My question is about usage of StringBuilder/StringBuffer in it (the logic is
common for both 1.1.5 and 1.2.2).
Initially we have
StringBuilder sb = null;

and as I understand we have lazy creation of it.
For characters with "((int)c) >= 0x80" we check is our "sb" null or not, and
in case of null we create new instance of it.
But for rest of chars (((int)c) < 0x80) we have the following logic which is
not correct for me:
"else if( sb != null )
{
    sb.append(c);
}"

So we append char to buffer/builder only if we have the instance of
buffer/builder.

For now imagine that we have some string with leading latin symbols. In
result we'll have incorrect encoded string.

I think I can miss something. Could somebody please describe the method's
logic?

Thank you in advance,
Peter

Re: UnicodeEncoder quiestion

Posted by P V <pe...@gmail.com>.
Hi, Michael,

Many thanks for the explanation. I see for now.
It was end of the day so sorry for the stupid question.

Peter


On Tue, Mar 11, 2008 at 10:02 PM, Michael Kurz <mi...@gmx.at> wrote:

> P V schrieb:
> > For now imagine that we have some string with leading latin symbols.

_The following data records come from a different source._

(* Let $X=(x_1,\ldots,x_L,x_1,\ldots,x_L,\ldots)$ be a periodic sequence of positive reals with period $L$. Assume that for every $c\in[0,1]$ the limit $F_X(c):=\lim_{k\to\infty}F_X(k,c)$ exists and that $c\mapsto F_X(c)$ is continuous on $[0,1]$. Then for every $c\in(0,1]$ the limit $\lim_{n\to\infty}S(X,n,\lceil cn\rceil)^{1/\lceil cn\rceil}$ exists and equals $F_X(c)$.
   Context: For a sequence $X$ of positive reals and integers $1\le k\le n$, $S(X,n,k):=\binom{n}{k}^{-1}\sum_{1\le i_1<\cdots<i_k\le n}x_{i_1}\cdots x_{i_k}$. For $k\ge1$ and $c\in(0,1]$ set $F_X(k,c):=S(X,kL,\lceil ckL\rceil)^{1/\lceil ckL\rceil}$, and set $F_X(k,0):=(x_1+\cdots+x_L)/L$. *)

theory Defs
  imports "HOL-Analysis.Analysis"
begin

definition S :: "(nat \<Rightarrow> real) \<Rightarrow> nat \<Rightarrow> nat \<Rightarrow> real" where
  "S x n k = (\<Sum>I \<in> {I. I \<subseteq> {1..n} \<and> card I = k}. \<Prod>i\<in>I. x i) / real (n choose k)"

definition FXk :: "(nat \<Rightarrow> real) \<Rightarrow> nat \<Rightarrow> nat \<Rightarrow> real \<Rightarrow> real" where
  "FXk x L k c = (if c = 0 then (\<Sum>i=1..L. x i) / real L
     else root (nat \<lceil>c * real (k * L)\<rceil>) (S x (k * L) (nat \<lceil>c * real (k * L)\<rceil>)))"

end

theory Submission
  imports Defs
begin

text \<open>
  Let \<open>\<mu>\<close> and \<open>M\<close> be the minimum and maximum of \<open>x\<^sub>1, \<dots>, x\<^sub>L\<close>. Adding the variable
  \<open>x\<^bsub>N+1\<^esub>\<close> updates the elementary symmetric sums by \<open>e\<^bsub>j+1\<^esub> \<mapsto> e\<^bsub>j+1\<^esub> + x\<^bsub>N+1\<^esub> e\<^sub>j\<close>,
  and by induction this shows that both ratios \<open>S(X,N,j+1)/S(X,N,j)\<close> and
  \<open>S(X,N+1,j)/S(X,N,j)\<close> lie in \<open>[\<mu>/M, M/\<mu>]\<close>. Hence \<open>ln S(X,N,j)\<close> is Lipschitz in
  both arguments, uniformly in \<open>N\<close> and \<open>j\<close>. Moving \<open>n\<close> down to the multiple \<open>kL\<close> of the
  period just below it, and \<open>\<lceil>cn\<rceil>\<close> to \<open>\<lceil>ckL\<rceil>\<close>, therefore changes \<open>ln S\<close> by \<open>O(L)\<close> and
  \<open>ln S / \<lceil>cn\<rceil>\<close> by \<open>O(L/n)\<close>, so the whole sequence has the limit of its subsequence
  \<open>F\<^sub>X(k,c)\<close>.
\<close>

definition esym :: "('a \<Rightarrow> real) \<Rightarrow> 'a set \<Rightarrow> nat \<Rightarrow> real" where
  "esym x A j = (\<Sum>I | I \<subseteq> A \<and> card I = j. \<Prod>i\<in>I. x i)"

lemma subsets_card_Suc_insert:
  assumes "finite A" "a \<notin> A"
  shows "{I. I \<subseteq> insert a A \<and> card I = Suc j}
       = {I. I \<subseteq> A \<and> card I = Suc j} \<union> insert a ` {I. I \<subseteq> A \<and> card I = j}"
proof (intro set_eqI iffI)
  fix I assume "I \<in> {I. I \<subseteq> insert a A \<and> card I = Suc j}"
  then have I: "I \<subseteq> insert a A" "card I = Suc j" by auto
  with assms have "finite I" by (meson finite_insert finite_subset)
  show "I \<in> {I. I \<subseteq> A \<and> card I = Suc j} \<union> insert a ` {I. I \<subseteq> A \<and> card I = j}"
  proof (cases "a \<in> I")
    case True
    then have "I = insert a (I - {a})" "I - {a} \<subseteq> A" "card (I - {a}) = j"
      using I \<open>finite I\<close> by auto
    then show ?thesis by blast
  qed (use I in auto)
next
  fix I assume "I \<in> {I. I \<subseteq> A \<and> card I = Suc j} \<union> insert a ` {I. I \<subseteq> A \<and> card I = j}"
  moreover have "card (insert a J) = Suc (card J)" if "J \<subseteq> A" for J
    using that assms finite_subset by (metis card_insert_disjoint subsetD)
  ultimately show "I \<in> {I. I \<subseteq> insert a A \<and> card I = Suc j}" by auto
qed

In
> > result we'll have incorrect encoded string.
> >
> > I think I can miss something. Could somebody please describe the
> > method's logic?
>
> Yeah, I can. The main concept behind this is to avoid unnecessary string
> building if the string does not contain special character. If you take a
> closer look you'll see that on creating the string builder the whole
> strind read so far is appended:
>
> sb = new StringBuilder( string.length()+4 );
> sb.append( string.substring(0,i) );
>
> This would be relevant for your example with leading latin characters.
> On meeting the first non-latin character all latin chars read so far are
> appended to the builder.
>
> This approach improves performance for strings that do not contain
> non-latin characters (which normally should be quite some amount).
>
> Hope this helps!
>
> regards
> Michael
>

Re: UnicodeEncoder quiestion

Posted by Michael Kurz <mi...@gmx.at>.
P V schrieb:
> For now imagine that we have some string with leading latin symbols. In 
> result we'll have incorrect encoded string.
> 
> I think I can miss something. Could somebody please describe the 
> method's logic?

Yeah, I can. The main concept behind this is to avoid unnecessary string 
building if the string does not contain special character. If you take a 
closer look you'll see that on creating the string builder the whole 
strind read so far is appended:

sb = new StringBuilder( string.length()+4 );
sb.append( string.substring(0,i) );

This would be relevant for your example with leading latin characters. 
On meeting the first non-latin character all latin chars read so far are 
appended to the builder.

This approach improves performance for strings that do not contain 
non-latin characters (which normally should be quite some amount).

Hope this helps!

regards
Michael